AI coding assistance tools have revolutionized software development by enhancing productivity, reducing errors, and streamlining the coding process. These tools provide real-time suggestions and intelligent code analysis, allowing developers to focus on complex problem-solving. AI tools offer several benefits, including affordability, ease of use, and contextual suggestions.
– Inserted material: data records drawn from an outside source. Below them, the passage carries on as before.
lemma mtopology_rho: "Metric_space.mtopology X rho = top_of_set X"
proof (rule mtopology_eq_top_of_set[OF Metric_space_rho])
  fix x and e :: real assume "x \<in> X" "e > 0"
  obtain k where k: "(1 / 2 :: real) ^ k < e"
    using real_arch_pow_inv[OF \<open>e > 0\<close>, of "1 / 2"] by auto
  obtain \<delta> where "\<delta> > 0" and \<delta>: "\<forall>y\<in>X. dist y x < \<delta> \<longrightarrow> coord k y = coord k x"
    using coord_locally_constant[OF \<open>x \<in> X\<close>] by blast
  have "rho x y < e" if "y \<in> X" "dist x y < \<delta>" for y
    using \<delta> that rho_less_iff[OF \<open>x \<in> X\<close> \<open>y \<in> X\<close>, of k] k by (simp add: dist_commute)
  then show "\<exists>\<delta>>0. \<forall>y\<in>X. dist x y < \<delta> \<longrightarrow> rho x y < e"
    using \<open>\<delta> > 0\<close> by blast
next
  fix x and e :: real assume "x \<in> X" "e > 0"
  obtain k where k: "(1 / 2 :: real) ^ k < e"
    using real_arch_pow_inv[OF \<open>e > 0\<close>, of "1 / 2"] by auto
  have "(1 / 2 :: real) ^ Suc k \<le> (1 / 2) ^ k"
    by (rule power_decreasing) auto
  then have "dist x y < e" if "y \<in> X" "rho x y < (1 / 2) ^ Suc k" for y
    using rho_less_iff[OF \<open>x \<in> X\<close> that(1), of "Suc k"] that
      odist_le_if_coord_eq[OF \<open>x \<in> X\<close> that(1), of k] dist_le_odist[OF \<open>x \<in> X\<close> that(1)] k
    by linarith
  then show "\<exists>\<delta>>0. \<forall>y\<in>X. rho x y < \<delta> \<longrightarrow> dist x y < e"
    by (metis zero_less_divide_1_iff zero_less_numeral zero_less_power)
qed

lemma LRS_rho: "LRS X T rho"
  unfolding LRS_def
proof
  fix x assume "x \<in> X"
  obtain M where M: "\<forall>m\<ge>M. coord m x \<noteq> jump m"
    using eventually_coord_ne_jump[OF \<open>x \<in> X\<close>] by blast
  have "rho (T x) (T y) < rho x y" if "y \<in> X" "0 < rho x y" "rho x y < (1 / 2) ^ Suc M" for y
  proof -
    define K where "K = split_level x y"
    have "x \<noteq> y" using that(2) by (auto simp: rho_def)
    have Txy: "T x \<in> X" "T y \<in> X" "T x \<noteq> T y"
      using T_into \<open>x \<in> X\<close> that(1) iter_inj[of x y 1] \<open>x \<noteq> y\<close> by auto
    have "Suc M < K"
      using rho_less_iff[OF \<open>x \<in> X\<close> that(1)] coord_eq_iff_less_split_level[OF \<open>x \<in> X\<close> that(1) \<open>x \<noteq> y\<close>]
        that(3) unfolding K_def by blast
    then have "coord (K - 1) x \<noteq> jump (K - 1)"
      using M by simp
    then have "weight (K - 1) (coord (K - 1) (T x)) < weight (K - 1) (coord (K - 1) x)"
      using weight_Suc_mod_less coord_less[OF \<open>x \<in> X\<close>] coord_T[OF \<open>x \<in> X\<close>] by simp
    moreover have "split_level (T x) (T y) = K"
      using split_level_T[OF \<open>x \<in> X\<close> that(1)] unfolding K_def .
    ultimately show ?thesis
      using rho_eq[OF Txy] rho_eq[OF \<open>x \<in> X\<close> that(1) \<open>x \<noteq> y\<close>] unfolding K_def by simp
  qed
  then show "\<exists>\<epsilon>>0. \<forall>y\<in>X. 0 < rho x y \<and> rho x y < \<epsilon> \<longrightarrow> rho (T x) (T y) < rho x y"
    by (metis zero_less_divide_1_iff zero_less_numeral zero_less_power)
qed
They excel in specific tasks such as function documentation, code predictions, unit test generation, and code explanations, particularly aiding non-native English speakers and junior developers.

However, AI tools also have significant drawbacks. They can suffer from performance issues, data privacy concerns, and immature plugins. Most tools are not open source, leading to potential information leaks and questionable training data quality. AI-generated code can be unreliable, challenging to maintain, and often requires thorough review. Developers may feel a loss of control over their code, and AI tools can disrupt their workflow and motor memory. Additionally, incorrect suggestions can lead to coding errors that are not easily caught.

Overall, while AI tools can greatly assist in software development, their limitations and risks must be carefully managed to ensure reliable and efficient coding practices.